■ ABOUT THIS TASK ■
Find how many lines of the entries contain the word "where", then report that figure alone.

[Saved data entries]
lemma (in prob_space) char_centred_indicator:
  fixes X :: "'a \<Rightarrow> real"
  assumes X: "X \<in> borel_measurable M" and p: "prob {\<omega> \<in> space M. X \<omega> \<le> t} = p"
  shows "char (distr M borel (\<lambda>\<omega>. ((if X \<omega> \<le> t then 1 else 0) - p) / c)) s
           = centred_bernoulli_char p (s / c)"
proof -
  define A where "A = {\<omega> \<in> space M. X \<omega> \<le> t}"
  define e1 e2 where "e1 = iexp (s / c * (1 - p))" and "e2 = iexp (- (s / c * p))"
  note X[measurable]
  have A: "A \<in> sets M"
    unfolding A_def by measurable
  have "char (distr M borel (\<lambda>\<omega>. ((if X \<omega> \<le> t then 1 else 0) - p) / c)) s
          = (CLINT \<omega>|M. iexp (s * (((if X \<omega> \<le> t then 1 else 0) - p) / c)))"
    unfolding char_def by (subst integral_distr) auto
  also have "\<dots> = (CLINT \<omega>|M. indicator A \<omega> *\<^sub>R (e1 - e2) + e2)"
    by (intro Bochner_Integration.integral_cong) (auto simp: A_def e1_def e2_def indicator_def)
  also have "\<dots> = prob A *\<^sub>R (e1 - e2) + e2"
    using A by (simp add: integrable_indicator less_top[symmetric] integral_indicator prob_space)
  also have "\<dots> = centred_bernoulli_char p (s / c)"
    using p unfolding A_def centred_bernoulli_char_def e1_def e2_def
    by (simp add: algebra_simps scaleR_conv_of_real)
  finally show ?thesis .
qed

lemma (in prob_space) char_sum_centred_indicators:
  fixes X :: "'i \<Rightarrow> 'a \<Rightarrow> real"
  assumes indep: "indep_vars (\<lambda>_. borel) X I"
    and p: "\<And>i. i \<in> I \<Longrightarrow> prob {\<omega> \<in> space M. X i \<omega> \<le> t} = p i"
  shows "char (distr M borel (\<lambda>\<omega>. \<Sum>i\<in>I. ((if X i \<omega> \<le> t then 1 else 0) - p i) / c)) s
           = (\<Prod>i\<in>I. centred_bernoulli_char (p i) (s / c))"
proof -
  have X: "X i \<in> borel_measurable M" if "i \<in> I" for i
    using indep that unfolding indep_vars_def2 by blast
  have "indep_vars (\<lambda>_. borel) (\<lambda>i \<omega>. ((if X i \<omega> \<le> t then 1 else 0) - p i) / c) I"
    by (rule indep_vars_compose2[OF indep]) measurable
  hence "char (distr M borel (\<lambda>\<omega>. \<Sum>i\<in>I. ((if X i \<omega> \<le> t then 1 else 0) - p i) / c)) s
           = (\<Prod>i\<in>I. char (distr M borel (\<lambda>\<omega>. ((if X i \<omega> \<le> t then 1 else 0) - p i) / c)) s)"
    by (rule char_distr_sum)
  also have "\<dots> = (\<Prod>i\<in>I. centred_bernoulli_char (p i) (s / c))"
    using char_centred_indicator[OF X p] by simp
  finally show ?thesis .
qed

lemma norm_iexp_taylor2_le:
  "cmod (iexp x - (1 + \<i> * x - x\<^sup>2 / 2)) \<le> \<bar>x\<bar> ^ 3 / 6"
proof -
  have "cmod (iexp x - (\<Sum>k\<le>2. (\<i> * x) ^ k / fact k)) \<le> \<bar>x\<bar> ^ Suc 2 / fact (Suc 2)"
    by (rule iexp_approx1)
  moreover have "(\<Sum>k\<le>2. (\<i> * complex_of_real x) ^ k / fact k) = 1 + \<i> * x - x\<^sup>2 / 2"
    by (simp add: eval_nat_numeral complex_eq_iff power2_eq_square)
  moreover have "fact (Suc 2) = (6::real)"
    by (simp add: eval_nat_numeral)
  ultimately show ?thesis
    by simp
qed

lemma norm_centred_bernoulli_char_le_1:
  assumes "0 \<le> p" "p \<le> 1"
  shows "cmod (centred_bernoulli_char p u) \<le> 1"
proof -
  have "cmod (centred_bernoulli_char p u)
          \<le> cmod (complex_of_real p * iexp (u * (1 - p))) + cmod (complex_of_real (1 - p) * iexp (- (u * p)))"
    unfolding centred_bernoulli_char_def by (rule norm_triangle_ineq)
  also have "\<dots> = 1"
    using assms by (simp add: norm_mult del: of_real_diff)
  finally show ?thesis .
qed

---

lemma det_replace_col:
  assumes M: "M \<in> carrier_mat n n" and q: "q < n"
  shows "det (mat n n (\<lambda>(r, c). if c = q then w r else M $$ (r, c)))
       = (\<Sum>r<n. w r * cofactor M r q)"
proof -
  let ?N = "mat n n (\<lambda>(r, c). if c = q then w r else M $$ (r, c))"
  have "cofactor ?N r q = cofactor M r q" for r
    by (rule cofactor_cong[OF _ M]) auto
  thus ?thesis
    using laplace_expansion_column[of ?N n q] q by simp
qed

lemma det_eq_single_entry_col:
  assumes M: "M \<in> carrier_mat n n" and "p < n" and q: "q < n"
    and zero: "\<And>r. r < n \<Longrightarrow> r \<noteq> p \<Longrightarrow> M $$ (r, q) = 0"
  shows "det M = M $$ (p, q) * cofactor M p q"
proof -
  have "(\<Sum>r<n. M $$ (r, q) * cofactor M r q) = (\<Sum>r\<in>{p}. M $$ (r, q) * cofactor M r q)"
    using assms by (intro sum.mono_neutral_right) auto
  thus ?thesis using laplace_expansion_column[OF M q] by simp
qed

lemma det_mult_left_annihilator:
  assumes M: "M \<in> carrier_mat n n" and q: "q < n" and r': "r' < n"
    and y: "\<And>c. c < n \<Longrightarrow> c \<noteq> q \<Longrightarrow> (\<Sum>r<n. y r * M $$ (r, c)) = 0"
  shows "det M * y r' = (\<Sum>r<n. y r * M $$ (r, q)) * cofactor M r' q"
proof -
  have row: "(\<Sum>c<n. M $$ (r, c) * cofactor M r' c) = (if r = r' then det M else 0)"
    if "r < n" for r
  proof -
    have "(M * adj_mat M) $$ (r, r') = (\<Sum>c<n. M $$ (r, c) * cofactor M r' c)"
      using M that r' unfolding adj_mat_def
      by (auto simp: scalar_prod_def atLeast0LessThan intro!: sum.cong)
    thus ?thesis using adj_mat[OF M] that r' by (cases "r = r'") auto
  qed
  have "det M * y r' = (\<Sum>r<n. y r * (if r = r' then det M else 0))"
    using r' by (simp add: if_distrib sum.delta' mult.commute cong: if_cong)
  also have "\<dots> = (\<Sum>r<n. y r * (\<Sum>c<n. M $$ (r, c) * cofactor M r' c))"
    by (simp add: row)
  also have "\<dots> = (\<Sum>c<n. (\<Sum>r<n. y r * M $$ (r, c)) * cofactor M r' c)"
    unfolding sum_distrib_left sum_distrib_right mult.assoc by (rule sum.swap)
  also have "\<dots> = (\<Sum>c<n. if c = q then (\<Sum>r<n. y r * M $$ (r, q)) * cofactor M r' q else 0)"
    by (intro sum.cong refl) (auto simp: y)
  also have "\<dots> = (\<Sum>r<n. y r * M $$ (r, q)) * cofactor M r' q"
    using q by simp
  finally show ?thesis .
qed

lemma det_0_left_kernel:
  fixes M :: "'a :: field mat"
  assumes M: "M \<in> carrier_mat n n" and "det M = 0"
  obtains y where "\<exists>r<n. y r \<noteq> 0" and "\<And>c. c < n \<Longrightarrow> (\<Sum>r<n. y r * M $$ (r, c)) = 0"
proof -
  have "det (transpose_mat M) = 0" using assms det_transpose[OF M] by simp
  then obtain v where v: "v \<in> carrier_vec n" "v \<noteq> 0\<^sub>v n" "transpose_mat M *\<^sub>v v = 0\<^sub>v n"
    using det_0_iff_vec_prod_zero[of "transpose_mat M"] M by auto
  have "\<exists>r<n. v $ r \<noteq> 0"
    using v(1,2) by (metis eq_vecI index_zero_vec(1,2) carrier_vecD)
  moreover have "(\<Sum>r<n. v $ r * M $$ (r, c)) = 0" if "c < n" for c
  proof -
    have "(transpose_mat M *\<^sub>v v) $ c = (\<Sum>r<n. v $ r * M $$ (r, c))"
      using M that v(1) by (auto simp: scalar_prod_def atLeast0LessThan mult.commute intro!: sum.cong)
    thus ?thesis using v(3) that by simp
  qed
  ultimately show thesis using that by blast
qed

---

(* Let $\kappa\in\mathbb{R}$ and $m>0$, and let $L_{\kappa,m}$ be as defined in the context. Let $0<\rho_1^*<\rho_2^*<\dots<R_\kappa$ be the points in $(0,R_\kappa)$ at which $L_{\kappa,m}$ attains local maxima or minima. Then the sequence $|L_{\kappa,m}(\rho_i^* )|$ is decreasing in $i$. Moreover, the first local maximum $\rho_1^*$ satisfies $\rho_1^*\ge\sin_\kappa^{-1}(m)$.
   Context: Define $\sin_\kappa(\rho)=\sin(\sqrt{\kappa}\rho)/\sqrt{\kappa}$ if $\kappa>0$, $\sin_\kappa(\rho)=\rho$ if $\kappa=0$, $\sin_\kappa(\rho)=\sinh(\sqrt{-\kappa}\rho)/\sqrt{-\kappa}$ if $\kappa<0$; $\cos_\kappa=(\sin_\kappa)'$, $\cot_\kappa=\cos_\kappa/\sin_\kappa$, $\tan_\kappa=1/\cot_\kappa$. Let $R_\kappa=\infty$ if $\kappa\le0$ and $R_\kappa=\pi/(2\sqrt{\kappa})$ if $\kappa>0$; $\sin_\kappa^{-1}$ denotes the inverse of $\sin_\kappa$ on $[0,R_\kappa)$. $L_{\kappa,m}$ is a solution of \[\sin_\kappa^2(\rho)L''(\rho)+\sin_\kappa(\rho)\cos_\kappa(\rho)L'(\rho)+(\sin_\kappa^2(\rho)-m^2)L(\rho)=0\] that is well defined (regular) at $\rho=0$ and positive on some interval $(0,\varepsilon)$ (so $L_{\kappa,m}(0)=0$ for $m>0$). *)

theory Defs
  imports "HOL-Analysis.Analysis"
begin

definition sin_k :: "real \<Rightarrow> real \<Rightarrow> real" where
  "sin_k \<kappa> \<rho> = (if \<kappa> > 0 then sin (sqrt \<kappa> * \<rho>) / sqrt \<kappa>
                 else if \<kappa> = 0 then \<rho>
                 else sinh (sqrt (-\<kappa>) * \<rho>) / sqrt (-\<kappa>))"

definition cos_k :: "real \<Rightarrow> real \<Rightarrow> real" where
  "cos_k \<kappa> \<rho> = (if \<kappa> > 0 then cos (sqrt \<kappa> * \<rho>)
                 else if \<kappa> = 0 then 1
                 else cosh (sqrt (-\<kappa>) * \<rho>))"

■ PROBLEM SOLUTION ■
6